Retype each record exactly, please. Skip none.

Stored data
—————

lemma ivp_solution_exists_unique:
  fixes V :: "'a::banach \<Rightarrow> 'a"
  assumes lip: "L-lipschitz_on UNIV V" and T: "0 \<le> T"
  shows "\<exists>\<gamma>. ivp_solution V x T \<gamma> \<and> (\<forall>\<delta>. ivp_solution V x T \<delta> \<longrightarrow> (\<forall>t\<in>{0..T}. \<delta> t = \<gamma> t))"
proof -
  have L: "0 \<le> L" using lip by (rule lipschitz_on_nonneg)
  have V: "continuous_on UNIV V" using lip by (rule lipschitz_on_continuous_on)
  note sol_iff = ivp_solution_iff_integral_equation[OF V T]
  define k where "k = 2 * L + 2"
  have k: "0 < k" "L / k \<le> 1/2" using L by (auto simp: k_def field_simps)
  define G where "G u \<tau> = exp (- k * \<tau>) *\<^sub>R (x + integral {0..\<tau>} (\<lambda>s. V (exp (k * s) *\<^sub>R u s)))"
    for u :: "real \<Rightarrow>\<^sub>C 'a" and \<tau>
  have "continuous_on {0..T} (G u)" for u
    unfolding G_def
    by (intro continuous_intros indefinite_integral_continuous_1 integrable_continuous_interval
        continuous_on_compose2[OF V]) auto
  then have "\<exists>g. \<forall>t. apply_bcontfun g t = G u (clamp 0 T t)" for u
    by (metis continuous_on_cbox_bcontfunE cbox_interval)
  then obtain P where P: "\<And>u t. apply_bcontfun (P u) t = G u (clamp 0 T t)"
    by metis
  have clamp_T: "clamp 0 T t \<in> {0..T}" for t :: real
    using clamp_in_interval[of 0 T t] T by (simp add: cbox_interval)
  have "\<exists>!u. P u = u"
    using weighted_picard_operator_contraction[OF lip k T, of P x] P
    by (intro banach_fix_type[of "1/2"]) (auto simp: G_def)
  then obtain u where fix_u: "P u = u" and uniq: "\<And>w. P w = w \<Longrightarrow> w = u" by blast
  define \<gamma> where "\<gamma> t = exp (k * t) *\<^sub>R u t" for t
  have "ivp_solution V x T \<gamma>"
    unfolding sol_iff
  proof (intro conjI ballI)
    show "continuous_on {0..T} \<gamma>" unfolding \<gamma>_def by (intro continuous_intros continuous_on_apply_bcontfun)
    fix t assume t: "t \<in> {0..T}"
    have "clamp 0 T t = t" using t clamp_cancel_cbox[of t 0 T] by (simp add: cbox_interval)
    then have "u t = G u t" using P[of u t] fix_u by simp
    then show "\<gamma> t = x + integral {0..t} (\<lambda>s. V (\<gamma> s))"
      by (simp add: \<gamma>_def G_def exp_minus)
  qed
  moreover have "\<delta> t = \<gamma> t" if \<delta>: "ivp_solution V x T \<delta>" and t: "t \<in> {0..T}" for \<delta> t
  proof -
    have \<delta>_eq: "continuous_on {0..T} \<delta>" "\<And>t. t \<in> {0..T} \<Longrightarrow> \<delta> t = x + integral {0..t} (\<lambda>s. V (\<delta> s))"
      using \<delta> unfolding sol_iff by auto
    have "continuous_on (cbox 0 T) (\<lambda>t. exp (- k * t) *\<^sub>R \<delta> t)"
      unfolding cbox_interval by (intro continuous_intros \<delta>_eq(1))
    then obtain w where w: "\<And>t. t \<in> cbox 0 T \<Longrightarrow> apply_bcontfun w t = exp (- k * t) *\<^sub>R \<delta> t"
      "\<And>t. apply_bcontfun w t = exp (- k * clamp 0 T t) *\<^sub>R \<delta> (clamp 0 T t)"
      by (rule continuous_on_cbox_bcontfunE) auto
    have w_\<delta>: "exp (k * s) *\<^sub>R w s = \<delta> s" if "s \<in> {0..T}" for s
      using w(1) that by (simp add: cbox_interval exp_minus)
    have "P w = w"
    proof (rule bcontfun_eqI)
      fix t
      have "integral {0..clamp 0 T t} (\<lambda>s. V (exp (k * s) *\<^sub>R w s))
            = integral {0..clamp 0 T t} (\<lambda>s. V (\<delta> s))"
        using clamp_T[of t] by (intro integral_cong) (auto simp: w_\<delta>)
      then show "P w t = w t"
        using \<delta>_eq(2)[OF clamp_T] by (simp add: P G_def w(2))
    qed
    then show ?thesis using uniq w_\<delta>[OF t] by (simp add: \<gamma>_def)
  qed
  ultimately show ?thesis by blast
qed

—————

▶ Task response
lemma ivp_solution_exists_unique:
  fixes V :: "'a::banach \<Rightarrow> 'a"
  assumes lip: "L-lipschitz_on UNIV V" and T: "0 \<le> T"
  shows "\<exists>\<gamma>. ivp_solution V x T \<gamma> \<and> (\<forall>\<delta>. ivp_solution V x T \<delta> \<longrightarrow> (\<forall>t\<in>{0..T}. \<delta> t = \<gamma> t))"
proof -
  have L: "0 \<le> L" using lip by (rule lipschitz_on_nonneg)
  have V: "continuous_on UNIV V" using lip by (rule lipschitz_on_continuous_on)
  note sol_iff = ivp_solution_iff_integral_equation[OF V T]
  define k where "k = 2 * L + 2"
  have k: "0 < k" "L / k \<le> 1/2" using L by (auto simp: k_def field_simps)
  define G where "G u \<tau> = exp (- k * \<tau>) *\<^sub>R (x + integral {0..\<tau>} (\<lambda>s. V (exp (k * s) *\<^sub>R u s)))"
    for u :: "real \<Rightarrow>\<^sub>C 'a" and \<tau>
  have "continuous_on {0..T} (G u)" for u
    unfolding G_def
    by (intro continuous_intros indefinite_integral_continuous_1 integrable_continuous_interval
        continuous_on_compose2[OF V]) auto
  then have "\<exists>g. \<forall>t. apply_bcontfun g t = G u (clamp 0 T t)" for u
    by (metis continuous_on_cbox_bcontfunE cbox_interval)
  then obtain P where P: "\<And>u t. apply_bcontfun (P u) t = G u (clamp 0 T t)"
    by metis
  have clamp_T: "clamp 0 T t \<in> {0..T}" for t :: real
    using clamp_in_interval[of 0 T t] T by (simp add: cbox_interval)
  have "\<exists>!u. P u = u"
    using weighted_picard_operator_contraction[OF lip k T, of P x] P
    by (intro banach_fix_type[of "1/2"]) (auto simp: G_def)
  then obtain u where fix_u: "P u = u" and uniq: "\<And>w. P w = w \<Longrightarrow> w = u" by blast
  define \<gamma> where "\<gamma> t = exp (k * t) *\<^sub>R u t" for t
  have "ivp_solution V x T \<gamma>"
    unfolding sol_iff
  proof (intro conjI ballI)
    show "continuous_on {0..T} \<gamma>" unfolding \<gamma>_def by (intro continuous_intros continuous_on_apply_bcontfun)
    fix t assume t: "t \<in> {0..T}"
    have "clamp 0 T t = t" using t clamp_cancel_cbox[of t 0 T] by (simp add: cbox_interval)
    then have "u t = G u t" using P[of u t] fix_u by simp
    then show "\<gamma> t = x + integral {0..t} (\<lambda>s. V (\<gamma> s))"
      by (simp add: \<gamma>_def G_def exp_minus)
  qed
  moreover have "\<delta> t = \<gamma> t" if \<delta>: "ivp_solution V x T \<delta>" and t: "t \<in> {0..T}" for \<delta> t
  proof -
    have \<delta>_eq: "continuous_on {0..T} \<delta>" "\<And>t. t \<in> {0..T} \<Longrightarrow> \<delta> t = x + integral {0..t} (\<lambda>s. V (\<delta> s))"
      using \<delta> unfolding sol_iff by auto
    have "continuous_on (cbox 0 T) (\<lambda>t. exp (- k * t) *\<^sub>R \<delta> t)"
      unfolding cbox_interval by (intro continuous_intros \<delta>_eq(1))
    then obtain w where w: "\<And>t. t \<in> cbox 0 T \<Longrightarrow> apply_bcontfun w t = exp (- k * t) *\<^sub>R \<delta> t"
      "\<And>t. apply_bcontfun w t = exp (- k * clamp 0 T t) *\<^sub>R \<delta> (clamp 0 T t)"
      by (rule continuous_on_cbox_bcontfunE) auto
    have w_\<delta>: "exp (k * s) *\<^sub>R w s = \<delta> s" if "s \<in> {0..T}" for s
      using w(1) that by (simp add: cbox_interval exp_minus)
    have "P w = w"
    proof (rule bcontfun_eqI)
      fix t
      have "integral {0..clamp 0 T t} (\<lambda>s. V (exp (k * s) *\<^sub>R w s))
            = integral {0..clamp 0 T t} (\<lambda>s. V (\<delta> s))"
        using clamp_T[of t] by (intro integral_cong) (auto simp: w_\<delta>)
      then show "P w t = w t"
        using \<delta>_eq(2)[OF clamp_T] by (simp add: P G_def w(2))
    qed
    then show ?thesis using uniq w_\<delta>[OF t] by (simp add: \<gamma>_def)
  qed
  ultimately show ?thesis by blast
qed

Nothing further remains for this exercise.